Items from a dataset:
definition rec2 :: "nat \<Rightarrow> nat \<Rightarrow> (nat \<Rightarrow> 'f::field) \<Rightarrow> nat set \<Rightarrow> (nat \<Rightarrow> 'f list) \<Rightarrow> 'f adversary
    \<Rightarrow> nat \<Rightarrow> nat \<Rightarrow> bool" where
  "rec2 n t pt H W A i j =
     (if j = i then s2 n t pt H W A i
      else if j \<in> H then
        (if s1 n t pt H W A j \<and> \<not> s2 n t pt H W A j then False else rec1 n t pt H W A i j)
      else (case a2 A j i of None \<Rightarrow> rec1 n t pt H W A i j | Some b \<Rightarrow> b))"

definition u3 :: "nat \<Rightarrow> nat \<Rightarrow> (nat \<Rightarrow> 'f::field) \<Rightarrow> nat set \<Rightarrow> (nat \<Rightarrow> 'f list) \<Rightarrow> 'f adversary
    \<Rightarrow> nat \<Rightarrow> nat \<Rightarrow> bool" where
  "u3 n t pt H W A i j = (u2 n t pt H W A i j \<and> rec2 n t pt H W A i j)"

definition s3 :: "nat \<Rightarrow> nat \<Rightarrow> (nat \<Rightarrow> 'f::field) \<Rightarrow> nat set \<Rightarrow> (nat \<Rightarrow> 'f list) \<Rightarrow> 'f adversary
    \<Rightarrow> nat \<Rightarrow> bool" where
  "s3 n t pt H W A i =
     (s2 n t pt H W A i \<and> n - t \<le> card {j \<in> {1..n}. u3 n t pt H W A i j})"

definition rec3 :: "nat \<Rightarrow> nat \<Rightarrow> (nat \<Rightarrow> 'f::field) \<Rightarrow> nat set \<Rightarrow> (nat \<Rightarrow> 'f list) \<Rightarrow> 'f adversary
    \<Rightarrow> nat \<Rightarrow> nat \<Rightarrow> bool" where
  "rec3 n t pt H W A i j =
     (if j = i then s3 n t pt H W A i
      else if j \<in> H then
        (if s2 n t pt H W A j \<and> \<not> s3 n t pt H W A j then False else rec2 n t pt H W A i j)
      else (case a3 A j i of None \<Rightarrow> rec2 n t pt H W A i j | Some b \<Rightarrow> b))"

definition vote :: "nat \<Rightarrow> nat \<Rightarrow> (nat \<Rightarrow> 'f::field) \<Rightarrow> nat set \<Rightarrow> (nat \<Rightarrow> 'f list) \<Rightarrow> 'f adversary
    \<Rightarrow> nat \<Rightarrow> bool" where
  "vote n t pt H W A i = (2 * t + 1 \<le> card {j \<in> {1..n}. rec3 n t pt H W A i j})"

text \<open>Guarantee of the binary Byzantine agreement run on the votes: dec i is the decision
  of honest processor i (True = 1). Termination: every honest processor decides;
  agreement; validity.\<close>
definition ba_spec :: "nat set \<Rightarrow> (nat \<Rightarrow> bool) \<Rightarrow> (nat \<Rightarrow> bool) \<Rightarrow> bool" where
  "ba_spec H v dec =
     ((\<forall>i\<in>H. \<forall>j\<in>H. dec i = dec j) \<and> (\<forall>b. (\<forall>i\<in>H. v i = b) \<longrightarrow> (\<forall>i\<in>H. dec i = b)))"
(* Let $n\ge1$, $f\in L^2([0,1]^n)$ and $\pi\in S_n$. Then $f$ and $\pi(f)$ have the same best shifted $L$-statistic approximation $f_L$, and $\|\pi(f)-f_L\|=\|f-f_L\|$.
   Context: $L^2([0,1]^n)$ is the space of square integrable real functions on $[0,1]^n$ modulo equality almost everywhere, with norm $\|g\|=(\int_{[0,1]^n}g^2\,d\mathbf{x})^{1/2}$. $S_n$ is the symmetric group on $\{1,\ldots,n\}$, acting on functions by $\pi(f)(x_1,\ldots,x_n)=f(x_{\pi(1)},\ldots,x_{\pi(n)})$. For $\mathbf{x}\in[0,1]^n$, $x_{(1)}\le\cdots\le x_{(n)}$ are its coordinates in ascending order and $\mathrm{os}_k(\mathbf{x})=x_{(k)}$. Let $V_L$ be the span of $\mathrm{os}_1,\ldots,\mathrm{os}_n$ and the constant $1$ (shifted $L$-statistic functions). The best shifted $L$-statistic approximation $f_L$ of $f$ is the unique $g\in V_L$ minimizing $\|f-g\|$. *)

theory Defs
  imports "HOL-Analysis.Analysis" "HOL-Library.Multiset" "HOL-Combinatorics.Permutations"
begin

text \<open>Functions on [0,1]^n are modelled as functions real^'n => real, where the
  finite type 'n indexes the coordinates (n = CARD('n) >= 1).\<close>

abbreviation unit_cube :: "(real ^ 'n) set" where
  "unit_cube \<equiv> cbox 0 One"

definition in_L2 :: "(real ^ 'n \<Rightarrow> real) \<Rightarrow> bool" where
  "in_L2 f \<longleftrightarrow> f \<in> borel_measurable (lebesgue_on (unit_cube :: (real ^ 'n) set))
      \<and> integrable (lebesgue_on (unit_cube :: (real ^ 'n) set)) (\<lambda>x. (f x)\<^sup>2)"

definition L2_norm :: "(real ^ 'n \<Rightarrow> real) \<Rightarrow> real" where
  "L2_norm g = sqrt (integral\<^sup>L (lebesgue_on (unit_cube :: (real ^ 'n) set)) (\<lambda>x. (g x)\<^sup>2))"

definition os :: "nat \<Rightarrow> real ^ 'n \<Rightarrow> real" where
  "os k x = sorted_list_of_multiset (image_mset (\<lambda>i. x $ i) (mset_set (UNIV :: 'n set))) ! (k - 1)"

definition V_L :: "(real ^ 'n \<Rightarrow> real) set" where
  "V_L = {g. \<exists>c0 (c :: nat \<Rightarrow> real).
            g = (\<lambda>x. c0 + (\<Sum>k\<in>{1..CARD('n)}. c k * os k x))}"

definition is_best_L :: "(real ^ 'n \<Rightarrow> real) \<Rightarrow> (real ^ 'n \<Rightarrow> real) \<Rightarrow> bool" where
  "is_best_L f g \<longleftrightarrow> g \<in> V_L \<and> (\<forall>h\<in>V_L. L2_norm (\<lambda>x. f x - g x) \<le> L2_norm (\<lambda>x. f x - h x))"

definition best_L :: "(real ^ 'n \<Rightarrow> real) \<Rightarrow> (real ^ 'n \<Rightarrow> real)" where
  "best_L f = (THE g. is_best_L f g)"

definition perm_act :: "('n \<Rightarrow> 'n) \<Rightarrow> (real ^ 'n \<Rightarrow> real) \<Rightarrow> (real ^ 'n \<Rightarrow> real)" where
  "perm_act \<pi> f = (\<lambda>x. f (\<chi> i. x $ \<pi> i))"

end

theory Submission
  imports Defs
begin

text \<open>\<open>V_L\<close> is spanned by \<open>1, os\<^sub>1, \<dots>, os\<^sub>n\<close>, and these are linearly independent even
  pointwise on the cube: at the indicator vector of an \<open>m\<close>-element set, \<open>os\<^sub>k\<close> is \<open>1\<close>
  exactly for the top \<open>m\<close> indices \<open>k\<close>. Being continuous, they are independent in \<open>L\<^sup>2\<close>, so
  the Gram matrix is invertible and the best approximation \<open>f\<^sub>L\<close> exists and is unique.
  Every element of \<open>V_L\<close> is a symmetric function and coordinate permutations preserve
  Lebesgue measure on the cube, so \<open>\<parallel>\<pi>(f) - h\<parallel> = \<parallel>f - h\<parallel>\<close> for all \<open>h \<in> V_L\<close>: the two
  minimisation problems coincide.\<close>

section \<open>The unit cube and coordinate permutations\<close>

lemma sum_Basis_vec_nth [simp]: "(\<Sum>b\<in>(Basis :: (real ^ 'n) set). b $ i) = 1"
proof -
  have "(\<Sum>b\<in>(Basis :: (real ^ 'n) set). b $ i) = (\<Sum>b\<in>(Basis :: (real ^ 'n) set). b) $ i"
    by (rule sum_component[symmetric])
  also have "\<dots> = 1" by (simp only: cart_eq_inner_axis) simp
  finally show ?thesis .
qed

What to do: From the first line of the entries above to the line with "else (case a2", please return every line exactly, keeping both ends.

Task response:
definition rec2 :: "nat \<Rightarrow> nat \<Rightarrow> (nat \<Rightarrow> 'f::field) \<Rightarrow> nat set \<Rightarrow> (nat \<Rightarrow> 'f list) \<Rightarrow> 'f adversary
    \<Rightarrow> nat \<Rightarrow> nat \<Rightarrow> bool" where
  "rec2 n t pt H W A i j =
     (if j = i then s2 n t pt H W A i
      else if j \<in> H then
        (if s1 n t pt H W A j \<and> \<not> s2 n t pt H W A j then False else rec1 n t pt H W A i j)
      else (case a2 A j i of None \<Rightarrow> rec1 n t pt H W A i j | Some b \<Rightarrow> b))"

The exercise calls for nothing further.